Comment by linguae

11 hours ago

Apple did openly court Unix users during the early days of Mac OS X. As a teenager during this era, Macs of this era were my dream machines due to Mac OS X, and I was so happy to buy an 2006 MacBook the summer after my freshman year of college with money earned from a summer research internship.

Here's a Titanium PowerBook G4 ad that says "Sends other Unix boxes to /dev/null": https://www.reddit.com/r/vintageunix/comments/b4kojo/sends_o...

Here's a snapshot of the software solutions page for the aluminum PowerBook G4 from November 2004, proudly touting Unix and even X11:

https://web.archive.org/web/20041126011836/http://www.apple....

Some quotes from the Power Mac G5 page (https://web.archive.org/web/20041126015955/http://www.apple....) from the same era:

"With the Power Mac G5, a researcher can now run both productivity applications and high-performance UNIX applications on a single system.

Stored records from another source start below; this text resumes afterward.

(* Let $p\geq 1$, let $\boldsymbol \Omega$ be a $p\times p$ positive definite matrix and $0 < c < 1/2$. Let $\boldsymbol \beta = \boldsymbol s \circ \boldsymbol z$ where $\boldsymbol z \sim \text{normal}(\boldsymbol 0,\boldsymbol \Omega)$ is independent of $\boldsymbol s$, and $s_1^2,\dots,s_p^2$ are i.i.d. $\text{gamma}(\text{shape } c, \text{rate } c)$ with $s_j>0$ (the SNG prior). Then for every $j\in\{1,\dots,p\}$ the marginal prior density of $\beta_j$ at $0$, $$p(\beta_j = 0 \mid c, \boldsymbol \Omega) = \int_{\mathbb{R}^{p-1}} \int_{(0,\infty)^p} \Big(\prod_{i=1}^p \frac{g_c(s_i)}{s_i}\Big)\phi_{\boldsymbol \Omega}(\boldsymbol b/\boldsymbol s)\, d\boldsymbol s\, d\boldsymbol b_{-j}\Big|_{b_j=0},$$ equals $+\infty$.
   Context: $\phi_{\boldsymbol \Omega}$ denotes the $\text{normal}(\boldsymbol 0,\boldsymbol \Omega)$ density, $g_c(s)\propto s^{2c-1}e^{-cs^2}$ on $(0,\infty)$ is the density of $s_j$, $\boldsymbol b/\boldsymbol s$ is elementwise division, $\circ$ is the elementwise product, and $\boldsymbol b_{-j}$ denotes $\boldsymbol b$ with its $j$-th coordinate removed (the outer integral is over $\boldsymbol b_{-j}$ with $b_j=0$). *)

theory Defs
  imports "HOL-Analysis.Analysis"
begin

definition pos_def_mat :: "real^'n^'n \<Rightarrow> bool" where
  "pos_def_mat A \<longleftrightarrow> transpose A = A \<and> (\<forall>x. x \<noteq> 0 \<longrightarrow> x \<bullet> (A *v x) > 0)"

definition normal_density :: "real^'n^'n \<Rightarrow> real^'n \<Rightarrow> real" where
  "normal_density Om x =
     exp (- (x \<bullet> (matrix_inv Om *v x)) / 2) / sqrt ((2 * pi) ^ CARD('n) * det Om)"

text \<open>Density g_c of s when s^2 ~ gamma(shape c, rate c), s > 0:
  g_c(s) = 2 c^c / Gamma(c) * s^(2c-1) * exp(-c s^2).\<close>
definition g_dens :: "real \<Rightarrow> real \<Rightarrow> real" where
  "g_dens c s = (if s > 0 then 2 * c powr c / Gamma c * s powr (2 * c - 1) * exp (- c * s\<^sup>2) else 0)"

definition sng_marginal_at_zero :: "real \<Rightarrow> real^'n^'n \<Rightarrow> 'n \<Rightarrow> ennreal" where
  "sng_marginal_at_zero c Om j =
     (\<integral>\<^sup>+ b. (\<integral>\<^sup>+ s. ennreal ((\<Prod>i\<in>UNIV. g_dens c (s i) / s i) *
              normal_density Om (\<chi> i. (if i = j then 0 else b i) / s i))
          \<partial>(PiM UNIV (\<lambda>_. restrict_space lborel {0<..})))
      \<partial>(PiM (UNIV - {j}) (\<lambda>_. lborel)))"

end

(*
  With b_j = 0 the variable s_j enters the integrand only through the factor
  g_c(s_j)/s_j, which behaves like s_j^(2c-2) near 0 and so is not integrable
  there when c <= 1/2.  For every b the integrand dominates a product
  delta * prod_i h_i(s_i), where h_j has this pole and the other h_i are bumps
  on [1,2], on which s_i >= 1 keeps phi_Omega(b/s) bounded away from 0.  By
  Tonelli the inner integral is therefore infinite for every b, and so is the
  outer one.
*)
theory Submission
  imports Defs
begin

lemma det_nonzero_if_quadratic_form_pos:
  fixes A :: "real^'n^'n"
  assumes "\<And>x. x \<noteq> 0 \<Longrightarrow> x \<bullet> (A *v x) > 0"
  shows "det A \<noteq> 0"
proof -
  have "A *v x = 0 \<Longrightarrow> x = 0" for x
    using assms[of x] by fastforce
  then show ?thesis
    by (meson invertible_det_nz invertible_left_inverse matrix_left_invertible_ker)
qed

lemma det_pos_if_quadratic_form_pos:
  fixes A :: "real^'n^'n"
  assumes "\<And>x. x \<noteq> 0 \<Longrightarrow> x \<bullet> (A *v x) > 0"
  shows "det A > 0"
proof (rule ccontr)
  assume "\<not> det A > 0"
  \<comment> \<open>The determinant cannot vanish on the segment from the identity to A,
    along which the quadratic form stays positive definite.\<close>
  define M where "M t = (1 - t) *\<^sub>R mat 1 + t *\<^sub>R A" for t :: real
  have "continuous_on {0..1} (\<lambda>t. det (M t))"
    unfolding det_def M_def by (intro continuous_intros)
  then obtain t where "t \<in> {0..1}" "det (M t) = 0"
    using IVT2'[of "\<lambda>t. det (M t)" 1 0 0] \<open>\<not> det A > 0\<close> by (force simp: M_def)
  have "x \<bullet> (M t *v x) > 0" if "x \<noteq> 0" for x
  proof -
    have "x \<bullet> (M t *v x) = (1 - t) * (x \<bullet> x) + t * (x \<bullet> (A *v x))"
      by (simp add: M_def algebra_simps flip: scaleR_matrix_vector_assoc)
    moreover have "x \<bullet> x > 0" "x \<bullet> (A *v x) > 0"
      using that assms by auto
    ultimately show ?thesis
      using \<open>t \<in> {0..1}\<close> by (smt (verit) atLeastAtMost_iff mult_nonneg_nonneg mult_pos_pos)
  qed
  then show False
    using det_nonzero_if_quadratic_form_pos \<open>det (M t) = 0\<close> by blast
qed
lemma quadratic_form_ge_neg_sym_row_sums:
  fixes a :: "'i \<Rightarrow> 'i \<Rightarrow> real" and h :: "'i \<Rightarrow> real"
  assumes "finite S"
  shows "- (\<Sum>i\<in>S. (\<Sum>k\<in>S. \<bar>a i k + a k i\<bar> / 2) * (h i)\<^sup>2) \<le> (\<Sum>i\<in>S. \<Sum>k\<in>S. a i k * h i * h k)"
proof -
  define b where "b i k = \<bar>a i k + a k i\<bar> / 2" for i k
  have b_sym: "b i k = b k i" for i k by (simp add: b_def add.commute)
  have pointwise: "- (b i k * (h i)\<^sup>2 + b i k * (h k)\<^sup>2) \<le> (a i k + a k i) * h i * h k" for i k
  proof -
    have "2 * \<bar>h i * h k\<bar> \<le> (h i)\<^sup>2 + (h k)\<^sup>2"
      using sum_squares_bound[of "\<bar>h i\<bar>" "\<bar>h k\<bar>"] by (simp add: abs_mult)
    then have "\<bar>a i k + a k i\<bar> * (2 * \<bar>h i * h k\<bar>) \<le> \<bar>a i k + a k i\<bar> * ((h i)\<^sup>2 + (h k)\<^sup>2)"
      by (intro mult_left_mono) auto
    moreover have "- (\<bar>a i k + a k i\<bar> * \<bar>h i * h k\<bar>) \<le> (a i k + a k i) * h i * h k"
      by (metis abs_ge_minus_self abs_mult minus_le_iff mult.assoc)
    ultimately show ?thesis by (simp add: b_def algebra_simps)
  qed
  have swap_b: "(\<Sum>i\<in>S. \<Sum>k\<in>S. b i k * (h k)\<^sup>2) = (\<Sum>i\<in>S. \<Sum>k\<in>S. b i k * (h i)\<^sup>2)"
    by (subst sum.swap) (simp add: b_sym)
  have swap_a: "(\<Sum>i\<in>S. \<Sum>k\<in>S. a k i * h i * h k) = (\<Sum>i\<in>S. \<Sum>k\<in>S. a i k * h i * h k)"
    by (subst sum.swap) (simp only: mult.commute mult.left_commute)
  have "- 2 * (\<Sum>i\<in>S. \<Sum>k\<in>S. b i k * (h i)\<^sup>2)
      = (\<Sum>i\<in>S. \<Sum>k\<in>S. - (b i k * (h i)\<^sup>2 + b i k * (h k)\<^sup>2))"
    by (simp only: sum_negf sum.distrib swap_b)
  also have "\<dots> \<le> (\<Sum>i\<in>S. \<Sum>k\<in>S. (a i k + a k i) * h i * h k)"
    by (intro sum_mono pointwise)
  also have "\<dots> = 2 * (\<Sum>i\<in>S. \<Sum>k\<in>S. a i k * h i * h k)"
    by (simp only: distrib_right sum.distrib swap_a mult_2)
  finally have "- (\<Sum>i\<in>S. \<Sum>k\<in>S. b i k * (h i)\<^sup>2) \<le> (\<Sum>i\<in>S. \<Sum>k\<in>S. a i k * h i * h k)"
    by linarith
  then show ?thesis by (simp add: b_def sum_distrib_right)
qed
section \<open>The twisted tensor product\<close>

lemma bicharacter_add_left: "bicharacter t \<Longrightarrow> t (a + a') b = t a b * t a' b"
  by (simp add: bicharacter_def)

lemma bicharacter_add_right: "bicharacter t \<Longrightarrow> t a (b + b') = t a b * t a b'"
  by (simp add: bicharacter_def)

lemma bicharacter_neg_left:
  assumes "bicharacter t"
  shows "t (- a) b = inverse (t a b)"
proof -
  have "t 0 b = t 0 b * t 0 b"
    using bicharacter_add_left[OF assms, of 0 0 b] by simp
  then have "t 0 b = 1"
    using assms by (simp add: bicharacter_def)
  then have "t a b * t (- a) b = 1"
    using bicharacter_add_left[OF assms, of a "- a" b] by simp
  then show ?thesis
    by (rule inverse_unique[symmetric])
qed

lemma bicharacter_neg_right:
  assumes "bicharacter t"
  shows "t a (- b) = inverse (t a b)"
proof -
  have "t a 0 = t a 0 * t a 0"
    using bicharacter_add_right[OF assms, of a 0 0] by simp
  then have "t a 0 = 1"
    using assms by (simp add: bicharacter_def)
  then have "t a b * t a (- b) = 1"
    using bicharacter_add_right[OF assms, of a b "- b"] by simp
  then show ?thesis
    by (rule inverse_unique[symmetric])
qed

lemma bicharacter_twist_cancel:
  assumes t: "bicharacter t" and "a + a' + \<sigma> = 0" and "b + b' + \<tau> = 0"
  shows "t a b' * t a \<tau> * inverse (t \<sigma> b) = t a' b"
proof -
  have "a' + (a + \<sigma>) = 0"
    using assms(2) by (simp add: ac_simps)
  then have a': "a' = - (a + \<sigma>)"
    by (simp only: eq_neg_iff_add_eq_0)
  have "b' + \<tau> + b = 0"
    using assms(3) by (simp add: ac_simps)
  then have b': "b' + \<tau> = - b"
    by (simp only: eq_neg_iff_add_eq_0)
  have "t a b' * t a \<tau> = inverse (t a b)"
    by (simp only: bicharacter_add_right[OF t, symmetric] b' bicharacter_neg_right[OF t])
  moreover have "t a' b = inverse (t a b) * inverse (t \<sigma> b)"
    by (simp only: a' bicharacter_neg_left[OF t] bicharacter_add_left[OF t] inverse_mult_distrib)
  ultimately show ?thesis
    by simp
qed
lemma boundary_inducing_simplex_on_bd:
  assumes "is_disk D" "boundary_inducing D" "s \<in> simplices D" "s \<subseteq> \<Union>(bd D)"
  shows "card s = 1 \<or> s \<in> bd D"
proof -
  obtain e where e: "e \<in> D" "s \<subseteq> e" and "s \<noteq> {}"
    using assms(3) unfolding simplices_def by blast
  have "card e = 3"
    using assms(1) e(1) unfolding is_disk_def three_uniform_def by blast
  then have "finite e"
    by (intro card_ge_0_finite) simp
  then have "finite s" "card s \<le> 3"
    using e(2) \<open>card e = 3\<close> card_mono finite_subset by fastforce+
  moreover have "card s \<noteq> 0"
    using \<open>finite s\<close> \<open>s \<noteq> {}\<close> by simp
  ultimately consider "card s = 1" | "card s = 2" | "card s = 3"
    by linarith
  then show ?thesis
  proof cases
    case 2
    then show ?thesis
      using boundary_inducing_side_in_bd[OF assms(2) e] assms(4) by blast
  next
    case 3
    then have "s = e"
      using card_subset_eq[OF \<open>finite e\<close> e(2)] \<open>card e = 3\<close> by simp
    moreover have "2 \<le> card D"
      using assms(2) unfolding boundary_inducing_def by blast
    ultimately obtain t where "t \<subseteq> s" "card t = 2" "t \<notin> bd D"
      using disk_triangle_has_inner_side[OF assms(1) _ e(1)] by blast
    then show ?thesis
      using boundary_inducing_side_in_bd[OF assms(2) e(1)] assms(4) \<open>s = e\<close> by blast
  qed simp
qed

lemma bd_subset_simplices: "bd D \<subseteq> simplices D"
proof
  fix s assume "s \<in> bd D"
  moreover obtain e where "e \<in> D" "s \<subseteq> e"
    using bd_subset_triangle[OF \<open>s \<in> bd D\<close>] by blast
  ultimately show "s \<in> simplices D"
    unfolding simplices_def using bd_nonempty by blast
qed

lemma simplices_subset_hverts: "s \<in> simplices D \<Longrightarrow> s \<subseteq> hverts D"
  unfolding simplices_def hverts_def by auto

lemma singleton_in_simplices: "s \<in> simplices D \<Longrightarrow> v \<in> s \<Longrightarrow> {v} \<in> simplices D"
  unfolding simplices_def by auto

Mac OS X Panther includes 64-bit optimized system math, vector and image libraries that take maximum advantage of the 64-bit G5 processor."

There was also a cluster in Virginia made of Power Mac G5s, which Apple also touted.

https://en.wikipedia.org/wiki/System_X_(supercomputer)

Yes, as they were fighting for getting out of bankruptcy and were reverse acquired by NeXT.

I also attended a marketing session at CERN, when they came to visit our IT department in 2003, when there were still people using Sun pizza boxes as their desktops (aka SPARCstation).

Anyone that has been around Apple long enough can recognise the old Apple (pre-OS X), on current Apple, now that they can be their old self.

Any good biography on Steve Jobs, like The Next Big Thing, Folkore or Cult of Mac, will show that underlying culture.